text \<open>Coordinatewise, \<open>exp (2\<pi>i \<cdot>)\<close> turns a torus-valued map into maps to the punctured
  plane, which lift through the covering \<open>exp\<close> because \<open>C\<close> is simply connected.\<close>
lemma torus_map_continuous_lift:
  fixes fb :: "'n::euclidean_space \<Rightarrow> 'p::finite torus"
  assumes sm: "smooth_map_T C fb" and sc: "simply_connected C" and lpc: "locally path_connected C"
  obtains f where "continuous_on C f" "\<forall>y\<in>C. f y - rep_torus (fb y) \<in> Zvec"
proof -
  define u where "u j y = exp (2 * of_real pi * \<i> * complex_of_real (rep_torus (fb y) $ j))" for j y
  have ucont: "continuous_on C (u j)" for j
  proof (rule continuous_on_local_extension)
    fix x assume "x \<in> C"
    then obtain U and F :: "'n \<Rightarrow> real^'p"
      where UF: "open U" "x \<in> U" "Cinf_on U F" "\<forall>y\<in>C \<inter> U. fb y = abs_torus (F y)"
      using sm unfolding smooth_map_T_def by blast
    define G where "G y = exp (2 * of_real pi * \<i> * complex_of_real (F y $ j))" for y
    have "continuous_on U G"
      unfolding G_def using Cinf_on_imp_continuous_on[OF UF(3)]
      by (auto intro!: continuous_intros continuous_on_component)
    moreover have "u j y = G y" if y: "y \<in> C \<inter> U" for y
    proof -
      have "rep_torus (fb y) - F y \<in> Zvec"
        using UF(4) y rep_torus_abs_torus by metis
      then have "rep_torus (fb y) $ j - F y $ j \<in> \<int>"
        by (simp add: Zvec_def)
      then have "u j y = exp (2 * of_real pi * \<i> * complex_of_real (F y $ j + (rep_torus (fb y) $ j - F y $ j)))"
        unfolding u_def by simp
      also have "\<dots> = G y"
        unfolding G_def by (rule exp_2pi_i_add_Ints) fact
      finally show ?thesis .
    qed
    ultimately show "\<exists>U G. open U \<and> x \<in> U \<and> continuous_on U G \<and> (\<forall>y\<in>C \<inter> U. u j y = G y)"
      using UF by blast
  qed
  have "\<exists>g. continuous_on C g \<and> (\<forall>y\<in>C. exp (g y) = u j y)" for j
  proof -
    have "u j \<in> C \<rightarrow> - {0}"
      by (auto simp: u_def)
    then show ?thesis
      using covering_space_lift[OF covering_space_exp_punctured_plane sc lpc ucont] by metis
  qed
  then obtain g where g: "\<And>j. continuous_on C (g j)" "\<And>j y. y \<in> C \<Longrightarrow> exp (g j y) = u j y"
    by metis
  define f where "f y = (\<chi> j. Im (g j y) / (2 * pi))" for y
  have "continuous_on C f"
    unfolding f_def by (intro continuous_on_vec_lambda continuous_intros g(1)) simp
  moreover have "f y - rep_torus (fb y) \<in> Zvec" if y: "y \<in> C" for y
  proof -
    have "(f y - rep_torus (fb y)) $ j \<in> \<int>" for j
    proof -
      have "exp (g j y) = exp (2 * of_real pi * \<i> * complex_of_real (rep_torus (fb y) $ j))"
        using g(2)[OF y] by (simp add: u_def)
      then obtain n :: int where "g j y = 2 * of_real pi * \<i> * complex_of_real (rep_torus (fb y) $ j)
          + complex_of_real (real_of_int (2 * n) * pi) * \<i>"
        using exp_eq by blast
      then have "Im (g j y) / (2 * pi) = rep_torus (fb y) $ j + n"
        by (simp add: field_simps)
      then show ?thesis
        by (simp add: f_def)
    qed
    then show ?thesis
      by (simp add: Zvec_def)
  qed
  ultimately show thesis
    using that by blast
qed

text \<open>Near each point \<open>f\<close> differs from a smooth local lift by a continuous lattice-valued map,
  that is, by a constant.\<close>
lemma smooth_map_if_lift_of_smooth_torus_map:
  fixes fb :: "'n::euclidean_space \<Rightarrow> 'p::finite torus"
  assumes sm: "smooth_map_T C fb" and fcont: "continuous_on C f"
    and fint: "\<forall>y\<in>C. f y - rep_torus (fb y) \<in> Zvec"
  shows "smooth_map C f"
  unfolding smooth_map_def
proof
  fix x assume x: "x \<in> C"
  then obtain U and F :: "'n \<Rightarrow> real^'p"
    where UF: "open U" "x \<in> U" "Cinf_on U F" "\<forall>y\<in>C \<inter> U. fb y = abs_torus (F y)"
    using sm unfolding smooth_map_T_def by blast
  define D where "D y = f y - F y" for y
  have DZ: "D y \<in> Zvec" if "y \<in> C \<inter> U" for y
  proof -
    have "rep_torus (fb y) - F y \<in> Zvec"
      using UF(4) that rep_torus_abs_torus by metis
    then have "(f y - rep_torus (fb y)) + (rep_torus (fb y) - F y) \<in> Zvec"
      using that fint Zvec_add by blast
    then show ?thesis
      by (simp add: D_def)
  qed
  have "continuous (at x within C) f"
    using fcont x continuous_on_eq_continuous_within by blast
  then have "continuous (at x within C \<inter> U) f"
    by (rule continuous_within_subset) blast
  moreover have "continuous (at x within C \<inter> U) F"
    using Cinf_on_imp_continuous_on[OF UF(3)] UF(1,2)
    by (meson continuous_at_imp_continuous_within continuous_on_eq_continuous_at)
  ultimately have "continuous (at x within C \<inter> U) D"
    unfolding D_def by (intro continuous_intros)
  then obtain \<delta> where \<delta>: "\<delta> > 0" "\<forall>y\<in>C \<inter> U. dist y x < \<delta> \<longrightarrow> dist (D y) (D x) < 1"
    unfolding continuous_within_eps_delta by (meson zero_less_one)
  have Deq: "D y = D x" if "y \<in> C \<inter> U" "dist y x < \<delta>" for y
  proof -
    have "D y - D x \<in> Zvec"
      using DZ that x UF(2) Zvec_diff by blast
    moreover have "norm (D y - D x) < 1"
      using \<delta> that by (simp add: dist_norm)
    ultimately show ?thesis
      using Zvec_norm_less_1 by fastforce
  qed
  let ?U = "U \<inter> ball x \<delta>"
  have "open ?U" "x \<in> ?U"
    using UF \<delta> by auto
  moreover have "Cinf_on ?U (\<lambda>y. F y + D x)"
    using Cinf_on_add_const[OF \<open>open ?U\<close> Cinf_on_subset[OF \<open>open ?U\<close> _ UF(3)]] by blast
  moreover have "f y = F y + D x" if "y \<in> C \<inter> ?U" for y
    using Deq[of y] that by (simp add: D_def dist_commute) (metis diff_add_cancel add.commute)
  ultimately show "\<exists>U F. open U \<and> x \<in> U \<and> Cinf_on U F \<and> (\<forall>y\<in>C \<inter> U. f y = F y)"
    by blast
qed

lemma torus_map_smooth_lift:
  fixes fb :: "'n::euclidean_space \<Rightarrow> 'p::finite torus"
  assumes "smooth_map_T C fb" "simply_connected C" "locally path_connected C"
  obtains f where "smooth_map C f" "\<forall>y\<in>C. f y - rep_torus (fb y) \<in> Zvec"
  using torus_map_continuous_lift[OF assms] smooth_map_if_lift_of_smooth_torus_map[OF assms(1)]
  by metis

section \<open>Lifts of torus bundle automorphisms\<close>

lemma aut_R_apply: "x \<in> C \<Longrightarrow> aut_R C A f \<phi> (a, x) = (A *v a + f x, \<phi> x)"
  by (simp add: aut_R_def)

lemma aut_R_cong:
  "(\<And>x. x \<in> C \<Longrightarrow> f x = f' x \<and> \<phi> x = \<phi>' x) \<Longrightarrow> aut_R C A f \<phi> = aut_R C A f' \<phi>'"
  by (auto simp: aut_R_def fun_eq_iff)

lemma aut_R_identity: "aut_R C (mat 1) (\<lambda>_. 0) (\<lambda>x. x) = idR C"
  by (auto simp: fun_eq_iff aut_R_def idR_def)

lemma aut_R_mem_UNIV_Times:
  assumes "diffeo C \<phi>" "x \<in> C"
  shows "aut_R C A f \<phi> (a, x) \<in> UNIV \<times> C"
  using assms bij_betwE by (fastforce simp: aut_R_apply diffeo_def)

lemma redP_aut_R_apply:
  "x \<in> C \<Longrightarrow> redP C (aut_R C A f \<phi>) (ab, x) = (abs_torus (A *v rep_torus ab + f x), \<phi> x)"
  by (simp add: redP_def aut_R_def)

lemma restrC_redP_aut_R: "x \<in> C \<Longrightarrow> restrC (redP C (aut_R C A f \<phi>)) x = \<phi> x"
  by (simp add: restrC_def redP_aut_R_apply)

lemma redP_aut_R_identity: "redP C (aut_R C (mat 1) (\<lambda>_. 0) (\<lambda>x. x)) = idT C"
  by (auto simp: fun_eq_iff redP_def aut_R_def idT_def)

lemma redP_aut_R_eq_aut_T:
  assumes "\<forall>y\<in>C. f y - rep_torus (fb y) \<in> Zvec"
  shows "redP C (aut_R C A f \<phi>) = aut_T C A fb \<phi>"
proof (rule ext, clarify)
  fix ab x
  show "redP C (aut_R C A f \<phi>) (ab, x) = aut_T C A fb \<phi> (ab, x)"
  proof (cases "x \<in> C")
    case True
    then have "(A *v rep_torus ab + f x) - (A *v rep_torus ab + rep_torus (fb x)) \<in> Zvec"
      using assms by simp
    then show ?thesis
      using True by (simp add: redP_aut_R_apply aut_T_def abs_torus_eq_iff)
  next
    case False
    then show ?thesis
      by (simp add: redP_def aut_T_def)
  qed
qed

lemma AutZ_E_elim:
  assumes "g \<in> AutZ_E C E1 E2"
  obtains A f \<phi> where "g = aut_R C A f \<phi>" "A \<in> GLZ" "smooth_map C f" "diffeo C \<phi>"
  using assms by (auto simp: AutZ_E_def)

lemma AutZ_E_mem_UNIV_Times:
  assumes "g \<in> AutZ_E C E1 E2" "x \<in> C"
  shows "g (a, x) \<in> UNIV \<times> C"
  using assms by (auto elim!: AutZ_E_elim intro: aut_R_mem_UNIV_Times)

lemma Zvec_valued_continuous_constant:
  fixes D :: "'a::topological_space \<Rightarrow> real^'p"
  assumes "connected C" "continuous_on C D" "\<forall>x\<in>C. D x \<in> Zvec" "x0 \<in> C"
  shows "\<forall>x\<in>C. D x = D x0"
proof -
  have "(\<lambda>x. D x $ i) constant_on C" for i
  proof (rule continuous_discrete_range_constant[OF assms(1)])
    show "continuous_on C (\<lambda>x. D x $ i)"
      using assms(2) by (intro continuous_on_component)
    fix x assume x: "x \<in> C"
    show "\<exists>e>0. \<forall>y. y \<in> C \<and> D y $ i \<noteq> D x $ i \<longrightarrow> e \<le> norm (D y $ i - D x $ i)"
    proof (intro exI[of _ 1] conjI allI impI)
      fix y assume y: "y \<in> C \<and> D y $ i \<noteq> D x $ i"
      have "D y $ i - D x $ i \<in> \<int>"
        using assms(3) x y by (simp add: Zvec_def)
      then show "1 \<le> norm (D y $ i - D x $ i)"
        using Ints_nonzero_abs_less1 y by force
    qed simp
  qed
  then show ?thesis
    using assms(4) by (simp add: constant_on_def vec_eq_iff) metis
qed

lemma redP_aut_R_eq_imp:
  fixes C :: "'n::euclidean_space set" and f f' :: "'n \<Rightarrow> real^'p::finite"
  assumes A: "A \<in> GLZ" "A' \<in> GLZ" and cf: "continuous_on C f" "continuous_on C f'"
    and conn: "connected C" and x0: "x0 \<in> C"
    and eq: "redP C (aut_R C A f \<phi>) = redP C (aut_R C A' f' \<phi>')"
  shows "A = A' \<and> (\<forall>x\<in>C. \<phi>' x = \<phi> x) \<and> (\<exists>k\<in>Zvec. \<forall>x\<in>C. f' x = f x + k)"
proof -
  have ev: "(A *v rep_torus ab + f x) - (A' *v rep_torus ab + f' x) \<in> Zvec \<and> \<phi> x = \<phi>' x"
    if "x \<in> C" for x ab
    using fun_cong[OF eq, of "(ab, x)"] that by (simp add: redP_aut_R_apply abs_torus_eq_iff)
  have iA: "\<forall>i j. A $ i $ j \<in> \<int>" "\<forall>i j. A' $ i $ j \<in> \<int>"
    using A GLZ_Ints by auto
  have fd: "f' x - f x \<in> Zvec" if x: "x \<in> C" for x
  proof -
    define z0 :: "real^'p" where "z0 = rep_torus (abs_torus 0)"
    have z0: "z0 \<in> Zvec"
      using rep_torus_abs_torus[of "0::real^'p"] by (simp add: z0_def)
    have "f' x - f x = A *v z0 - A' *v z0 - ((A *v z0 + f x) - (A' *v z0 + f' x))"
      by (simp add: algebra_simps)
    then show ?thesis
      using ev[OF x, of "abs_torus 0"] matrix_vector_mult_Zvec[OF _ z0] iA Zvec_diff
      by (metis z0_def)
  qed
  have "(A - A') *v v \<in> Zvec" for v
  proof -
    define r where "r = rep_torus (abs_torus v)"
    have "(A - A') *v r = ((A *v r + f x0) - (A' *v r + f' x0)) + (f' x0 - f x0)"
      by (simp add: matrix_vector_mult_diff_rdistrib algebra_simps)
    moreover have "((A *v r + f x0) - (A' *v r + f' x0)) + (f' x0 - f x0) \<in> Zvec"
      using ev[OF x0, of "abs_torus v"] fd[OF x0] Zvec_add unfolding r_def by blast
    ultimately have "(A - A') *v r \<in> Zvec"
      by metis
    moreover have "(A - A') *v v = (A - A') *v r - (A - A') *v (r - v)"
      by (simp add: matrix_vector_mult_diff_distrib)
    moreover have "(A - A') *v (r - v) \<in> Zvec"
      using iA rep_torus_abs_torus[of v] by (intro matrix_vector_mult_Zvec) (auto simp: r_def)
    ultimately show ?thesis
      using Zvec_diff by metis
  qed
  then have "A = A'"
    using matrix_eq_0_if_Zvec_valued by force
  have "\<forall>x\<in>C. f' x - f x = f' x0 - f x0"
    using fd cf conn x0 by (intro Zvec_valued_continuous_constant) (auto intro: continuous_intros)
  then have "\<forall>x\<in>C. f' x = f x + (f' x0 - f x0)"
    by (metis add_diff_cancel_left' diff_add_cancel add.commute)
  with \<open>A = A'\<close> show ?thesis
    using ev fd[OF x0] by auto
qed

section \<open>The action of the group of lifts\<close>

lemma lifts_act_freely:
  assumes conn: "connected C"
    and fix_free: "\<forall>\<omega>\<in>\<Omega>. \<forall>x\<in>C. \<omega> \<noteq> idT C \<and> restrC \<omega> x = x \<longrightarrow>
                 (\<forall>g\<in>AutZ_E C E1 E2. redP C g = \<omega> \<longrightarrow> (\<forall>a. g (a, x) \<noteq> (a, x)))"
  shows "acts_freely C {g \<in> AutZ_E C E1 E2. redP C g \<in> \<Omega>}"
  unfolding acts_freely_def
proof (intro ballI allI impI)
  fix g a x assume g: "g \<in> {g \<in> AutZ_E C E1 E2. redP C g \<in> \<Omega>}" and x: "x \<in> C"
    and fixed: "g (a, x) = (a, x)"
  obtain A f \<phi> where gA: "g = aut_R C A f \<phi>" "A \<in> GLZ" "smooth_map C f" "diffeo C \<phi>"
    using g by (auto elim: AutZ_E_elim)
  have fixed': "A *v a + f x = a" "\<phi> x = x"
    using fixed x by (simp_all add: gA aut_R_apply)
  show "g = idR C"
  proof (cases "redP C g = idT C")
    case False
    have "restrC (redP C g) x = x"
      using x fixed' by (simp add: gA restrC_redP_aut_R)
    then show ?thesis
      using fix_free g x False fixed by blast
  next
    case True
    then have "redP C (aut_R C (mat 1) (\<lambda>_. 0) (\<lambda>x. x)) = redP C (aut_R C A f \<phi>)"
      by (simp add: gA redP_aut_R_identity)
    from redP_aut_R_eq_imp[OF mat_1_GLZ gA(2) continuous_on_const
        smooth_map_imp_continuous_on[OF gA(3)] conn x this]
    obtain k where k: "A = mat 1" "\<forall>y\<in>C. \<phi> y = y" "\<forall>y\<in>C. f y = k"
      by auto
    then have "k = 0"
      using fixed'(1) x by simp
    then have "g = aut_R C (mat 1) (\<lambda>_. 0) (\<lambda>x. x)"
      unfolding gA k(1) using k by (intro aut_R_cong) auto
    then show ?thesis
      by (simp add: aut_R_identity)
  qed
qed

EXERCISE DIRECTIONS> Set aside each line above that includes the string "metis" and report it.

RESPONSE FOR THIS EXERCISE>
        using UF(4) y rep_torus_abs_torus by metis
      using covering_space_lift[OF covering_space_exp_punctured_plane sc lpc ucont] by metis
    by metis
      using UF(4) that rep_torus_abs_torus by metis
    using Deq[of y] that by (simp add: D_def dist_commute) (metis diff_add_cancel add.commute)
  by metis
    using assms(4) by (simp add: constant_on_def vec_eq_iff) metis
      by (metis z0_def)
      by metis
      using Zvec_diff by metis
    by (metis add_diff_cancel_left' diff_add_cancel add.commute)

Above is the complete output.